Movies

Hayley Kiyoko expands Girls Like Girls from a viral video into a first feature

Liv Altman

A three-minute pop video does not usually leave behind a young-adult novel and a feature film, but Hayley Kiyoko’s “Girls Like Girls” has quietly become all three. Her debut as a feature director takes the smallest unit of that story, a single summer crush between two teenage girls, and stretches it to the length of a movie.

The film belongs to Coley, a seventeen-year-old who lands in a small Oregon town carrying the recent death of her mother, and to Sonya, the neighbor she falls for and who is not yet sure what she wants. Kiyoko keeps the conflict almost entirely interior. There is no villain here, no town mob, no punishing reveal, only self-doubt, inherited unease, and the ordinary vertigo of a first attachment. That choice is the whole proposition: a queer coming-of-age story that refuses to organize itself around threat, and asks instead what tenderness looks like when nobody is being chased.

YouTube video

Casting two relative newcomers, Maya da Costa as Coley and Myra Molloy as Sonya, is itself an argument. The film wants faces a viewer cannot pre-read, performers who arrive without a public romance or a franchise to color the work. Around them sit more familiar names in smaller registers, Zach Braff as Curtis and Levon Hawke as Trenton, but the weight rests on the two leads and the close, unhurried attention the camera pays them. It is a casting strategy that trusts the audience to fall for strangers, the same way the characters do.

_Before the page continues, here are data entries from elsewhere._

(* Let $\mathcal{H}$ be a finite set of hypotheses, $\mathcal{T}$ a finite set of tests, $\mathcal{O}$ a finite set of outcomes, each $h\in\mathcal{H}$ a function $h:\mathcal{T}\to\mathcal{O}$, and $\mathcal{R}$ a finite nonempty collection of decision regions $r\subseteq\mathcal{H}$ with $\bigcup_{r\in\mathcal{R}} r=\mathcal{H}$. Let $\mathcal{G}$ be the set of subregions, let $$k=\min\Big(\max_{h\in\mathcal{H}}|\{r\in\mathcal{R}: h\in r\}|,\ \max_{r\in\mathcal{R}}|\{g\in\mathcal{G}: g\subseteq r\}|\Big)+1,$$ and let $\mathcal{E}$ be the set of all multisets $e$ of exactly $k$ subregions (repetitions allowed) such that there is no $r\in\mathcal{R}$ with $g\subseteq r$ for every $g\in e$. For a set of test–outcome pairs $\mathcal{S}\subseteq\mathcal{T}\times\mathcal{O}$, let $\mathcal{V}(\mathcal{S})=\{h\in\mathcal{H}: h(t)=o \text{ for all }(t,o)\in\mathcal{S}\}$ and let $\mathcal{E}(\mathcal{S})$ be the set of hyperedges $e\in\mathcal{E}$ such that every subregion $g\in e$ contains at least one hypothesis of $\mathcal{V}(\mathcal{S})$. Then for every $\mathcal{S}\subseteq\mathcal{T}\times\mathcal{O}$, $$\mathcal{E}(\mathcal{S})=\emptyset \iff \exists\, r\in\mathcal{R}:\ \mathcal{V}(\mathcal{S})\subseteq r.$$
   Context: Subregions: hypotheses $h,h'$ are grouped into the same subregion iff they belong to exactly the same decision regions (for all $r\in\mathcal{R}$: $h\in r\Leftrightarrow h'\in r$); $\mathcal{G}$ is the set of these equivalence classes, and for $g\in\mathcal{G}$, $r\in\mathcal{R}$ we write $g\subseteq r$ if every hypothesis of $g$ lies in $r$. The hyperedges $\mathcal{E}$ form the "splitting hypergraph" on the node set $\mathcal{G}$; a hyperedge is "cut" by evidence $\mathcal{S}$ when it is not in $\mathcal{E}(\mathcal{S})$. *)

theory Defs
  imports Main "HOL-Library.Multiset"
begin

text \<open>Hypotheses are elements of an abstract type; ev h t is the outcome h(t).\<close>

definition subregions :: "'h set \<Rightarrow> 'h set set \<Rightarrow> 'h set set" where
  "subregions H R = {{h'\<in>H. \<forall>r\<in>R. (h \<in> r \<longleftrightarrow> h' \<in> r)} | h. h \<in> H}"

definition hyper_k :: "'h set \<Rightarrow> 'h set set \<Rightarrow> nat" where
  "hyper_k H R = min (Max {card {r\<in>R. h \<in> r} | h. h \<in> H})
                     (Max {card {g\<in>subregions H R. g \<subseteq> r} | r. r \<in> R}) + 1"

definition hyperedges :: "'h set \<Rightarrow> 'h set set \<Rightarrow> 'h set multiset set" where
  "hyperedges H R = {e. size e = hyper_k H R \<and> set_mset e \<subseteq> subregions H R
                        \<and> \<not> (\<exists>r\<in>R. \<forall>g\<in>#e. g \<subseteq> r)}"

definition version_space :: "'h set \<Rightarrow> ('h \<Rightarrow> 't \<Rightarrow> 'o) \<Rightarrow> ('t \<times> 'o) set \<Rightarrow> 'h set" where
  "version_space H ev S = {h\<in>H. \<forall>(t,out)\<in>S. ev h t = out}"

definition remaining_edges ::
  "'h set \<Rightarrow> 'h set set \<Rightarrow> ('h \<Rightarrow> 't \<Rightarrow> 'o) \<Rightarrow> ('t \<times> 'o) set \<Rightarrow> 'h set multiset set" where
  "remaining_edges H R ev S =
     {e\<in>hyperedges H R. \<forall>g\<in>#e. g \<inter> version_space H ev S \<noteq> {}}"

end

theory Submission
  imports Defs
begin

text \<open>Subregions are the atoms of the Boolean algebra generated by the regions, so a subregion
  meeting a region lies inside it; hence an edge all of whose subregions meet a version space
  contained in a region r would be covered by r. Conversely, if no region contains the version
  space, every region misses some subregion meeting it, and a family of such subregions covered by
  no region can be chosen with at most k elements in two ways: one witness for each region
  containing a fixed hypothesis of the version space together with that hypothesis' subregion, or
  any k of them once there are more than the largest number of subregions inside a region.
  Padding such a family with repetitions gives a hyperedge that is not cut.\<close>

definition subregion_of :: "'h set \<Rightarrow> 'h set set \<Rightarrow> 'h \<Rightarrow> 'h set" where
  "subregion_of H R h = {h'\<in>H. \<forall>r\<in>R. (h \<in> r \<longleftrightarrow> h' \<in> r)}"

lemma subregions_eq_image: "subregions H R = subregion_of H R ` H"
  unfolding subregions_def subregion_of_def by auto

lemma self_mem_subregion_of: "h \<in> H \<Longrightarrow> h \<in> subregion_of H R h"
  unfolding subregion_of_def by auto

lemma subregion_of_subset_iff:
  assumes "h \<in> H" and "r \<in> R"
  shows "subregion_of H R h \<subseteq> r \<longleftrightarrow> h \<in> r"
  using assms unfolding subregion_of_def by auto

lemma subregion_subset_if_meets:
  assumes "g \<in> subregions H R" and "r \<in> R" and "g \<inter> r \<noteq> {}"
  shows "g \<subseteq> r"
  using assms unfolding subregions_eq_image subregion_of_def by blast

lemma obtain_uncovered_subset_card_le_covering_regions:
  assumes "finite R" and "g0 \<in> Gs" and wit: "\<forall>r\<in>R. \<exists>g\<in>Gs. \<not> g \<subseteq> r"
  obtains F where "F \<subseteq> Gs" and "card F \<le> card {r\<in>R. g0 \<subseteq> r} + 1"
    and "\<not> (\<exists>r\<in>R. \<forall>g\<in>F. g \<subseteq> r)"
proof -
  obtain f where f: "\<forall>r\<in>R. f r \<in> Gs \<and> \<not> f r \<subseteq> r"
  proof -
    have "\<forall>r\<in>R. \<exists>g. g \<in> Gs \<and> \<not> g \<subseteq> r" using wit by blast
    then show thesis using that by (metis bchoice)
  qed
  define R0 where "R0 = {r\<in>R. g0 \<subseteq> r}"
  define F where "F = insert g0 (f ` R0)"
  have "finite R0" using assms(1) unfolding R0_def by simp
  then have "card F \<le> card (f ` R0) + 1"
    unfolding F_def by (simp add: card_insert_if)
  also have "\<dots> \<le> card R0 + 1"
    using \<open>finite R0\<close> card_image_le by simp
  finally have card_F: "card F \<le> card R0 + 1" .
  have sub_F: "F \<subseteq> Gs" using f assms(2) unfolding F_def R0_def by auto
  have uncovered_F: "\<not> (\<exists>r\<in>R. \<forall>g\<in>F. g \<subseteq> r)"
  proof
    assume "\<exists>r\<in>R. \<forall>g\<in>F. g \<subseteq> r"
    then obtain r where r: "r \<in> R" "\<forall>g\<in>F. g \<subseteq> r" by blast
    then have "r \<in> R0" unfolding F_def R0_def by simp
    then show False using f r unfolding F_def by auto
  qed
  show thesis using that[OF sub_F _ uncovered_F] card_F unfolding R0_def .
qed

lemma obtain_uncovered_subset_card_le_bound:
  assumes "finite Gs" and wit: "\<forall>r\<in>R. \<exists>g\<in>Gs. \<not> g \<subseteq> r"
    and bound: "\<forall>r\<in>R. card {g\<in>Gs. g \<subseteq> r} \<le> B"
  obtains F where "F \<subseteq> Gs" and "card F \<le> B + 1" and "\<not> (\<exists>r\<in>R. \<forall>g\<in>F. g \<subseteq> r)"
proof (cases "card Gs \<le> B + 1")
  case True
  have "\<not> (\<exists>r\<in>R. \<forall>g\<in>Gs. g \<subseteq> r)" using wit by blast
  with True show thesis by (intro that[of Gs]) simp_all
next
  case False
  then obtain F where F: "F \<subseteq> Gs" "card F = B + 1"
    using obtain_subset_with_card_n[of "B + 1" Gs] by (metis not_le less_imp_le)
  have "\<not> (\<exists>r\<in>R. \<forall>g\<in>F. g \<subseteq> r)"
  proof
    assume "\<exists>r\<in>R. \<forall>g\<in>F. g \<subseteq> r"
    then obtain r where r: "r \<in> R" "\<forall>g\<in>F. g \<subseteq> r" by blast
    have "F \<subseteq> {g\<in>Gs. g \<subseteq> r}" using F(1) r(2) by blast
    then have "card F \<le> card {g\<in>Gs. g \<subseteq> r}"
      using assms(1) by (intro card_mono) simp_all
    moreover have "card {g\<in>Gs. g \<subseteq> r} \<le> B" using bound r(1) by blast
    ultimately show False using F(2) by linarith
  qed
  with F show thesis by (intro that[of F]) simp_all
qed

lemma obtain_mset_with_set_and_size:
  assumes "finite F" and "F \<noteq> {}" and "card F \<le> k"
  obtains e where "set_mset e = F" and "size e = k"
proof -
  obtain g0 where "g0 \<in> F" using assms(2) by blast
  define e where "e = mset_set F + replicate_mset (k - card F) g0"
  have "set_mset e = F" unfolding e_def using assms(1) \<open>g0 \<in> F\<close> by auto
  moreover have "size e = k" unfolding e_def using assms(1,3) by simp
  ultimately show thesis using that by blast
qed

lemma hyperedges_meeting_empty_if_subset_region:
  assumes "r \<in> R" and "W \<subseteq> r"
  shows "{e\<in>hyperedges H R. \<forall>g\<in>#e. g \<inter> W \<noteq> {}} = {}"
proof (rule ccontr)
  assume "{e\<in>hyperedges H R. \<forall>g\<in>#e. g \<inter> W \<noteq> {}} \<noteq> {}"
  then obtain e where e: "e \<in> hyperedges H R" "\<forall>g\<in>#e. g \<inter> W \<noteq> {}" by blast
  have "g \<subseteq> r" if "g \<in># e" for g
  proof (rule subregion_subset_if_meets)
    show "g \<in> subregions H R" using e(1) that unfolding hyperedges_def by auto
    show "g \<inter> r \<noteq> {}" using e(2) that assms(2) by blast
  qed (use assms(1) in simp)
  then have "\<forall>g\<in>#e. g \<subseteq> r" by blast
  then show False using e(1) assms(1) unfolding hyperedges_def by blast
qed

definition meeting_subregions :: "'h set \<Rightarrow> 'h set set \<Rightarrow> 'h set \<Rightarrow> 'h set set" where
  "meeting_subregions H R W = {g\<in>subregions H R. g \<inter> W \<noteq> {}}"

lemma finite_meeting_subregions: "finite H \<Longrightarrow> finite (meeting_subregions H R W)"
  unfolding meeting_subregions_def subregions_eq_image by simp

lemma subregion_of_mem_meeting_subregions:
  assumes "W \<subseteq> H" and "w \<in> W"
  shows "subregion_of H R w \<in> meeting_subregions H R W"
proof -
  have "w \<in> H" using assms by blast
  then have "subregion_of H R w \<in> subregions H R"
    unfolding subregions_eq_image by (rule imageI)
  moreover have "w \<in> subregion_of H R w \<inter> W"
    using self_mem_subregion_of[OF \<open>w \<in> H\<close>] assms(2) by (rule IntI)
  ultimately show ?thesis unfolding meeting_subregions_def by blast
qed

lemma meeting_subregion_not_subset:
  assumes "W \<subseteq> H" and "r \<in> R" and "\<not> W \<subseteq> r"
  shows "\<exists>g\<in>meeting_subregions H R W. \<not> g \<subseteq> r"
proof -
  obtain w where w: "w \<in> W" "w \<notin> r" using assms(3) by blast
  then have "\<not> subregion_of H R w \<subseteq> r"
    using subregion_of_subset_iff[of w H r R] assms(1,2) by blast
  with subregion_of_mem_meeting_subregions[OF assms(1) w(1)] show ?thesis
    by (rule bexI[rotated])
qed

lemma obtain_uncovered_meeting_subregions:
  assumes "finite H" and "finite R" and "R \<noteq> {}" and "W \<subseteq> H"
    and uncovered: "\<not> (\<exists>r\<in>R. W \<subseteq> r)"
  obtains F where "F \<subseteq> meeting_subregions H R W" and "card F \<le> hyper_k H R"
    and "\<not> (\<exists>r\<in>R. \<forall>g\<in>F. g \<subseteq> r)"
proof -
  let ?Gs = "meeting_subregions H R W"
  define A where "A = Max {card {r\<in>R. h \<in> r} | h. h \<in> H}"
  define B where "B = Max {card {g\<in>subregions H R. g \<subseteq> r} | r. r \<in> R}"
  have k: "hyper_k H R = min A B + 1" unfolding hyper_k_def A_def B_def by (rule refl)
  have wit: "\<forall>r\<in>R. \<exists>g\<in>?Gs. \<not> g \<subseteq> r"
  proof
    fix r assume "r \<in> R"
    with uncovered have "\<not> W \<subseteq> r" by blast
    with assms(4) \<open>r \<in> R\<close> show "\<exists>g\<in>?Gs. \<not> g \<subseteq> r" by (rule meeting_subregion_not_subset)
  qed
  obtain w0 where "w0 \<in> W" using uncovered assms(3) by blast
  then have "w0 \<in> H" using assms(4) by blast
  obtain FA where FA: "FA \<subseteq> ?Gs" "\<not> (\<exists>r\<in>R. \<forall>g\<in>FA. g \<subseteq> r)"
    and card_FA: "card FA \<le> card {r\<in>R. subregion_of H R w0 \<subseteq> r} + 1"
    by (rule obtain_uncovered_subset_card_le_covering_regions[OF assms(2)
          subregion_of_mem_meeting_subregions[OF assms(4) \<open>w0 \<in> W\<close>] wit])
  have "{r\<in>R. subregion_of H R w0 \<subseteq> r} = {r\<in>R. w0 \<in> r}"
    by (intro Collect_cong) (use subregion_of_subset_iff[OF \<open>w0 \<in> H\<close>] in blast)
  moreover have "card {r\<in>R. w0 \<in> r} \<le> A"
    unfolding A_def using \<open>w0 \<in> H\<close> assms(1) by (intro Max_ge) auto
  ultimately have "card FA \<le> A + 1" using card_FA by simp
  have bound: "\<forall>r\<in>R. card {g\<in>?Gs. g \<subseteq> r} \<le> B"
  proof
    fix r assume "r \<in> R"
    have "card {g\<in>?Gs. g \<subseteq> r} \<le> card {g\<in>subregions H R. g \<subseteq> r}"
      using assms(1) unfolding meeting_subregions_def
      by (intro card_mono) (auto simp: subregions_eq_image)
    also have "\<dots> \<le> B" unfolding B_def using \<open>r \<in> R\<close> assms(2) by (intro Max_ge) auto
    finally show "card {g\<in>?Gs. g \<subseteq> r} \<le> B" .
  qed
  obtain FB where FB: "FB \<subseteq> ?Gs" "card FB \<le> B + 1" "\<not> (\<exists>r\<in>R. \<forall>g\<in>FB. g \<subseteq> r)"
    by (rule obtain_uncovered_subset_card_le_bound[OF finite_meeting_subregions[OF assms(1)]
          wit bound])
  show thesis
  proof (cases "A \<le> B")
    case True
    then show thesis using that[OF FA(1) _ FA(2)] \<open>card FA \<le> A + 1\<close> k by simp
  next
    case False
    then show thesis using that[OF FB(1) _ FB(3)] FB(2) k by simp
  qed
qed

lemma hyperedge_meeting_exists_if_uncovered:
  assumes "finite H" and "finite R" and "R \<noteq> {}" and "W \<subseteq> H"
    and uncovered: "\<not> (\<exists>r\<in>R. W \<subseteq> r)"
  shows "\<exists>e\<in>hyperedges H R. \<forall>g\<in>#e. g \<inter> W \<noteq> {}"
proof -
  obtain F where F: "F \<subseteq> meeting_subregions H R W" "card F \<le> hyper_k H R"
    "\<not> (\<exists>r\<in>R. \<forall>g\<in>F. g \<subseteq> r)"
    by (rule obtain_uncovered_meeting_subregions[OF assms])
  have "finite F"
    using F(1) finite_meeting_subregions[OF assms(1)] by (rule finite_subset)
  moreover have "F \<noteq> {}" using F(3) assms(3) by blast
  ultimately obtain e where e: "set_mset e = F" "size e = hyper_k H R"
    using F(2) by (rule obtain_mset_with_set_and_size)
  have "e \<in> hyperedges H R"
    using e F(1,3) unfolding hyperedges_def meeting_subregions_def by auto
  moreover have "\<forall>g\<in>#e. g \<inter> W \<noteq> {}"
    using e(1) F(1) unfolding meeting_subregions_def by blast
  ultimately show ?thesis by blast
qed

lemma hyperedges_meeting_empty_iff:
  assumes "finite H" and "finite R" and "R \<noteq> {}" and "W \<subseteq> H"
  shows "{e\<in>hyperedges H R. \<forall>g\<in>#e. g \<inter> W \<noteq> {}} = {} \<longleftrightarrow> (\<exists>r\<in>R. W \<subseteq> r)"
  using hyperedges_meeting_empty_if_subset_region hyperedge_meeting_exists_if_uncovered[OF assms]
  by blast

theorem theorem1:
  fixes H :: "'h set" and T :: "'t set" and Out :: "'o set"
    and ev :: "'h \<Rightarrow> 't \<Rightarrow> 'o" and R :: "'h set set"
  assumes "finite H" and "finite T" and "finite Out"
    and "\<forall>h\<in>H. \<forall>t\<in>T. ev h t \<in> Out"
    and "finite R" and "R \<noteq> {}" and "\<forall>r\<in>R. r \<subseteq> H" and "\<Union>R = H"
    and "S \<subseteq> T \<times> Out"
  shows "remaining_edges H R ev S = {} \<longleftrightarrow> (\<exists>r\<in>R. version_space H ev S \<subseteq> r)"
proof -
  have "version_space H ev S \<subseteq> H" unfolding version_space_def by auto
  then show ?thesis
    unfolding remaining_edges_def
    using hyperedges_meeting_empty_iff[OF assms(1,5,6)] by blast
qed

end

Kiyoko comes to the director’s chair from the stage, not from film school or a run of shorts. She wrote the song, directed its video, then wrote the novel the film adapts, and co-wrote the screenplay with Stefanie Scott, a friend who appeared in the original clip. That is an unusually closed loop, with author, composer, director and adapter all one person revisiting her own material across forms. Few first features arrive with that much pre-history attached, and fewer still are built by someone who has already watched an audience claim the source as its own.

The source is worth understanding as a text in its own right. The video, two girls in a backyard and a bruised confrontation with a boyfriend, circulated less as a music promo than as a piece of shorthand, passed between viewers who recognized their own first crush in it. The novel that followed expanded the same characters into prose and gave them a longer runway. By the time the feature arrives, much of its audience already knows the beats, so Kiyoko’s task is not to introduce Coley and Sonya but to deepen two people the fans feel they have known for a long while. Few pop songs make the crossing into cinema at all, and fewer still carry their author the whole way across.

Set beside its forebears, the film lands inside a small but durable tradition. The rural-summer first-love film has a canon, running from Lukas Moodysson’s “Show Me Love” to Maria Maggenti’s “The Incredibly True Adventure of Two Girls in Love” and Dee Rees’s “Pariah,” and “Girls Like Girls” inherits its preference for tenderness over tragedy. What it updates is the surrounding weather. This is a story made by and for viewers who grew up streaming the video on a phone, for whom coming out reads less as a single cliff-edge than as a slow acclimatization. Where the older films treated queerness as the dramatic engine, Kiyoko treats it as the setting and lets grief and self-trust carry the load. The risk in that softness is real, but so is its honesty about how most first loves actually feel.

Whether a song-sized idea can fill a feature is the open question the film has to answer in the room, not on paper. A three-minute video runs on suggestion, while ninety-odd minutes demand structure, and the emotional shorthand that made the original travel so far is exactly what a feature cannot lean on for long. The closed loop of authorship cuts both ways. A creator adapting her own myth gains intimacy but loses the outside eye that might have pushed the material somewhere less comfortable. The film has not yet faced critics or an audience beyond its first festival room, and its premise, that a beloved fragment deserves a full canvas, is the thing under test rather than a settled fact.

The credited principals are Maya da Costa, Myra Molloy, Levon Hawke and Zach Braff, working from a screenplay by Kiyoko and Stefanie Scott. The production rolls up Marc Platt Productions, BuzzFeed Studios, CR8IV DNA and GLG Films, with Focus Features handling distribution, a studio-specialty berth that signals theatrical ambition rather than a quiet platform drop.

“Girls Like Girls” premieres at Frameline, the San Francisco International LGBTQ+ Film Festival, on June 18, and opens in U.S. theaters the following day, June 19. It runs 95 minutes.